Wednesday, May 19, 2004

William Bennett essentially lies about the media:

Why is it that when shocking images might stir Americans to favor war -- like the beheading of an American citizen -- the journalists show great restraint? When those images have the opposite effect, why do journalists let them fly?

Let me put this in context: The very day that the Muntada al-Ansar website distributed the images of the slaughter of Nick Berg, almost every media outlet went on record to say they would not show that slaughter. CNN, MSNBC, ABC, CBS, and NBC all said this, according to AP Television writer David Bauder....

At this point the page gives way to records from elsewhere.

lemma fst_lam_pmult_ubar:
  "fst (lam padd pmult X Y) = lam addS multS (fst X) (\<alpha> (ubar X) (fst Y))"
  unfolding fst_lam_pmult alpha_lam by (simp add: abar_def ubar_def)

lemma fst_rho_pmult:
  "fst (rho padd pmult Y X) =
   inv (\<alpha> (ubar (lam padd pmult X Y))) (rho addS multS (\<alpha> (ubar X) (fst Y)) (fst X))"
proof -
  define P where "P = padd (pinv X) Y"
  define p where "p = fst P"
  define w where "w = ubar X"
  have "fst (pmult (pinv P) Y) = \<alpha> (snd (pinv P)) (multS (abar (pinv P)) (fst Y))"
    by (cases "pinv P"; cases Y) (simp add: pmult_Pair abar_def)
  then have fst_rho: "fst (rho padd pmult Y X) = inv (\<alpha> (ubar P)) (multS (sinv multS p) (fst Y))"
    unfolding rho_pmult P_def[symmetric] abar_pinv by (simp add: p_def pinv_def alpha_sinv)
  have p: "p = addS (sinv multS (abar X)) (fst Y)"
    unfolding p_def P_def by (cases Y) (simp add: pinv_def padd_Pair)
  have "rho addS multS (\<alpha> w (fst Y)) (fst X) = multS (sinv multS (\<alpha> w p)) (\<alpha> w (fst Y))"
    using alpha_twisted_sinv[of "snd X" "abar X"]
    unfolding rho_def p alpha_add by (simp add: w_def abar_def ubar_def)
  also have "\<dots> = \<alpha> (twist w p) (multS (sinv multS p) (fst Y))"
    by (rule sinv_alpha_mult)
  finally have rho_S: "rho addS multS (\<alpha> w (fst Y)) (fst X) =
      \<alpha> (twist w p) (multS (sinv multS p) (fst Y))" .
  have "ubar (lam padd pmult X Y) = multT (twist w p) (ubar P)"
    unfolding lam_pmult P_def[symmetric] ubar_pmult w_def p_def ..
  then have "inv (\<alpha> (ubar (lam padd pmult X Y))) = inv (\<alpha> (ubar P)) \<circ> inv (\<alpha> (twist w p))"
    by (simp add: alpha_mult o_inv_distrib alpha_bij)
  then show ?thesis using fst_rho rho_S w_def by simp
qed

lemma alpha_ubar_pmult_idem:
  assumes e: "multS e e = e" and f: "multT f f = f"
  shows "\<alpha> (ubar (pmult (pmult X (e, f)) Y)) = \<alpha> (ubar (pmult X Y))"
proof -
  define s where "s = \<alpha> (ubar X) (fst Y)"
  have "\<beta> (\<alpha> (ubar X) e) = id"
    using alpha_preserves_idem[OF e] by (rule beta_idem)
  then have ubar_Xe: "ubar (pmult X (e, f)) = multT (ubar X) f"
    unfolding ubar_pmult by (simp add: ubar_def beta_idem[OF e])
  have "\<alpha> (\<beta> (dual.twist (sinv multS s) (ubar X)) f) = id"
    using dual.alpha_preserves_idem[OF f] by (rule alpha_idem)
  then have "\<alpha> (inv (\<beta> s) (multT (ubar X) f)) = \<alpha> (inv (\<beta> s) (ubar X))"
    using dual.alpha_mult_right[of "sinv multS s" "ubar X" f] by (simp add: alpha_mult beta_sinv)
  moreover have "\<alpha> (multT (ubar X) f) = \<alpha> (ubar X)"
    by (simp add: alpha_mult alpha_idem[OF f])
  ultimately show ?thesis
    unfolding alpha_ubar_pmult ubar_Xe by (simp add: fst_pmult s_def)
qed

lemma alpha_ubar_lam_rho:
  "\<alpha> (ubar (pmult (lam padd pmult X Y) (rho padd pmult Y X))) = \<alpha> (ubar (pmult X Y))"
proof -
  define P where "P = padd (pinv X) Y"
  have "pmult (lam padd pmult X Y) (rho padd pmult Y X) = pmult (pmult X (pmult P (pinv P))) Y"
    unfolding lam_pmult rho_pmult P_def[symmetric] by (simp add: pmult_assoc)
  moreover have "pmult (pmult P (pinv P)) (pmult P (pinv P)) = pmult P (pinv P)"
    using is_inv_of_pinv[of P] unfolding is_inv_of_def by (metis pmult_assoc)
  ultimately show ?thesis
    using alpha_ubar_pmult_idem idem_pmultD by (metis prod.collapse)
qed

abbreviation rS :: "'a \<times> 'a \<Rightarrow> 'a \<times> 'a" where
  "rS \<equiv> assoc_map addS multS"

abbreviation r_matched :: "('a \<times> 'b) \<times> ('a \<times> 'b) \<Rightarrow> ('a \<times> 'b) \<times> ('a \<times> 'b)" where
  "r_matched \<equiv> assoc_map padd pmult"

definition proj3 :: "('a \<times> 'b) \<times> ('a \<times> 'b) \<times> ('a \<times> 'b) \<Rightarrow> 'a \<times> 'a \<times> 'a" where
  "proj3 = (\<lambda>(X, Y, Z). (fst X, \<alpha> (ubar X) (fst Y), \<alpha> (ubar (pmult X Y)) (fst Z)))"

lemma proj3_r12:
  "proj3 (r12 r_matched t) = r12 rS (proj3 t)"
  by (cases t) (simp add: r12_def proj3_def assoc_map_def alpha_ubar_lam_rho fst_lam_pmult_ubar fst_rho_pmult)

lemma proj3_r23:
  "proj3 (r23 r_matched t) = r23 rS (proj3 t)"
proof -
  obtain X Y Z where t: "t = (X, Y, Z)" by (cases t)
  define w where "w = ubar X"
  have "\<alpha> w (fst (lam padd pmult Y Z))
      = lam addS multS (\<alpha> w (fst Y)) (\<alpha> (ubar (pmult X Y)) (fst Z))"
    unfolding fst_lam_pmult_ubar alpha_lam alpha_ubar_pmult by (simp add: w_def)
  moreover have "\<alpha> (ubar (pmult X (lam padd pmult Y Z))) (fst (rho padd pmult Z Y))
      = rho addS multS (\<alpha> (ubar (pmult X Y)) (fst Z)) (\<alpha> w (fst Y))"
    by (simp add: fst_rho_pmult alpha_ubar_pmult fst_lam_pmult_ubar rho_alpha w_def)
  ultimately show ?thesis
    unfolding t r23_def proj3_def assoc_map_def by (simp add: w_def)
qed

lemma proj3_braid:
  assumes "is_solution rS"
  shows "proj3 ((r12 r_matched \<circ> r23 r_matched \<circ> r12 r_matched) t)
       = proj3 ((r23 r_matched \<circ> r12 r_matched \<circ> r23 r_matched) t)"
  using fun_cong[OF assms[unfolded is_solution_def], of "proj3 t"] by (simp add: proj3_r12 proj3_r23)

end

definition swap3 :: "('a \<times> 'b) \<times> ('a \<times> 'b) \<times> ('a \<times> 'b) \<Rightarrow> ('b \<times> 'a) \<times> ('b \<times> 'a) \<times> ('b \<times> 'a)" where
  "swap3 = (\<lambda>(X, Y, Z). (prod.swap X, prod.swap Y, prod.swap Z))"

context matched_system
begin


lemma sinv_pmult_swap: "sinv dual.pmult (prod.swap X) = prod.swap (sinv pmult X)"
  by (simp add: sinv_pmult dual.sinv_pmult pinv_def dual.pinv_def dual_ubar_swap)
    (simp add: abar_def ubar_def dual.abar_def)

lemma lam_swap: "lam dual.padd dual.pmult (prod.swap X) (prod.swap Y) = prod.swap (lam padd pmult X Y)"
  unfolding lam_def sinv_pmult_swap padd_swap pmult_swap ..

lemma rho_swap: "rho dual.padd dual.pmult (prod.swap Y) (prod.swap X) = prod.swap (rho padd pmult Y X)"
  unfolding rho_def sinv_pmult_swap padd_swap pmult_swap ..

lemma r_matched_swap:
  "dual.r_matched (prod.swap X, prod.swap Y) = map_prod prod.swap prod.swap (r_matched (X, Y))"
  unfolding assoc_map_def by (simp add: lam_swap rho_swap)

lemma r12_swap3: "r12 dual.r_matched (swap3 t) = swap3 (r12 r_matched t)"
  and r23_swap3: "r23 dual.r_matched (swap3 t) = swap3 (r23 r_matched t)"
proof -
  obtain X Y Z where t: "t = (X, Y, Z)" by (cases t)
  show "r12 dual.r_matched (swap3 t) = swap3 (r12 r_matched t)"
    and "r23 dual.r_matched (swap3 t) = swap3 (r23 r_matched t)"
    by (simp_all add: t swap3_def r12_def r23_def r_matched_swap split: prod.split)
qed

lemma dual_proj3_swap3:
  "dual.proj3 (swap3 (X, Y, Z)) = (snd X, \<beta> (abar X) (snd Y), \<beta> (abar (pmult X Y)) (snd Z))"
  by (simp add: dual.proj3_def swap3_def dual_ubar_swap pmult_swap)

lemma proj3_dual_proj3_inj:
  assumes "proj3 t = proj3 t'" and "dual.proj3 (swap3 t) = dual.proj3 (swap3 t')"
  shows "t = t'"
proof -
  obtain X Y Z X' Y' Z' where t: "t = (X, Y, Z)" and t': "t' = (X', Y', Z')"
    by (cases t; cases t')
  have S_eqs: "fst X = fst X'" "\<alpha> (ubar X) (fst Y) = \<alpha> (ubar X') (fst Y')"
      "\<alpha> (ubar (pmult X Y)) (fst Z) = \<alpha> (ubar (pmult X' Y')) (fst Z')"
    using assms(1) by (simp_all add: t t' proj3_def)
  have T_eqs: "snd X = snd X'" "\<beta> (abar X) (snd Y) = \<beta> (abar X') (snd Y')"
      "\<beta> (abar (pmult X Y)) (snd Z) = \<beta> (abar (pmult X' Y')) (snd Z')"
    using assms(2) by (simp_all add: t t' dual_proj3_swap3)
  have X: "X = X'" using S_eqs(1) T_eqs(1) by (simp add: prod_eq_iff)
  have Y: "Y = Y'" using S_eqs(2) T_eqs(2) X by (simp add: prod_eq_iff alpha_eq_iff beta_eq_iff)
  have "Z = Z'" using S_eqs(3) T_eqs(3) X Y by (simp add: prod_eq_iff alpha_eq_iff beta_eq_iff)
  with X Y show ?thesis by (simp add: t t')
qed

...Why do we not see the plastic shredders that humans were placed in under Saddam Hussein, sometimes head first, sometimes feet first? Why do we not see Hussein's torture chambers, which were operated as a matter of policy, and see instead only our abuse, which was an aberration? Why do we not see the mass graves of al-Hilla? Why do we only see our abuse and not their terror?


Well, to answer the questions in the last paragraph first: We don't see the shredders because they may not have existed and they've only been described by one eyewitness. Whether or not you believe that witness, it's incontrovertible that neither he nor anyone else has an image of the shredder to offer. As for why we didn't see the torture chambers on the nightly news, I guess reports like this aren't enough for Bennett:

On The Scene: An Iraqi House Of Horrors

BAGHDAD, April 14, 2003

CBS' Dan Rather is in Baghdad, where he filed this report.

U.S. soldiers are searching what remains of one of the biggest and most elaborate prisons in the world, one of Saddam Hussein's most notorious prisons, 18 miles west of Baghdad.

Saddam Hussein never cut corners when it came to punishment....

"Prisoners were taken to watch executions. Anyone who cried was executed too," said a former political prisoner who spent nine years at Abu Ghraib.

He recounts how he was tortured. "First the left hand and then the foot. Then a black hood on my head. Then they applied electricity."

The apparatus is still in the prison....


And I guess stories like "Buried Horror in Babylon: Mass Grave Found South of Baghdad, Relatives Identify Loved Ones," which ran on ABC's World News Tonight a year ago, don't satisfy Bennett's thirst to see mass graves.

But they wouldn't, would they? Bennett doesn't care that these stories ran just after Baghdad fell; he wants them to run all the time.

As for the Nick Berg video, Bennett implies that the networks refused to show it. He cites David Bauder's article to prove this. Here's what Bauder actually said:

The ABC, CBS and NBC broadcast networks said they did not plan to show anything beyond the opening shot of Berg alive on their evening news programs.

"It's a pretty clear call for us," said Jon Banner, executive producer of ABC's "World News Tonight." "I think the viewer will understand what happened to Mr. Berg. They won't have to sit through the graphic images."


Bennett wants you to believe that we're seeing everything there is to see of abuse by Americans, while we see bowdlerized images when Americans are the victims. That's nonsense. The standard is the same: When blood is shed, the mainstream media make us all avert our eyes, whether it's a blade going into Nick Berg's neck or a dog's teeth going into an Iraqi prisoner's leg.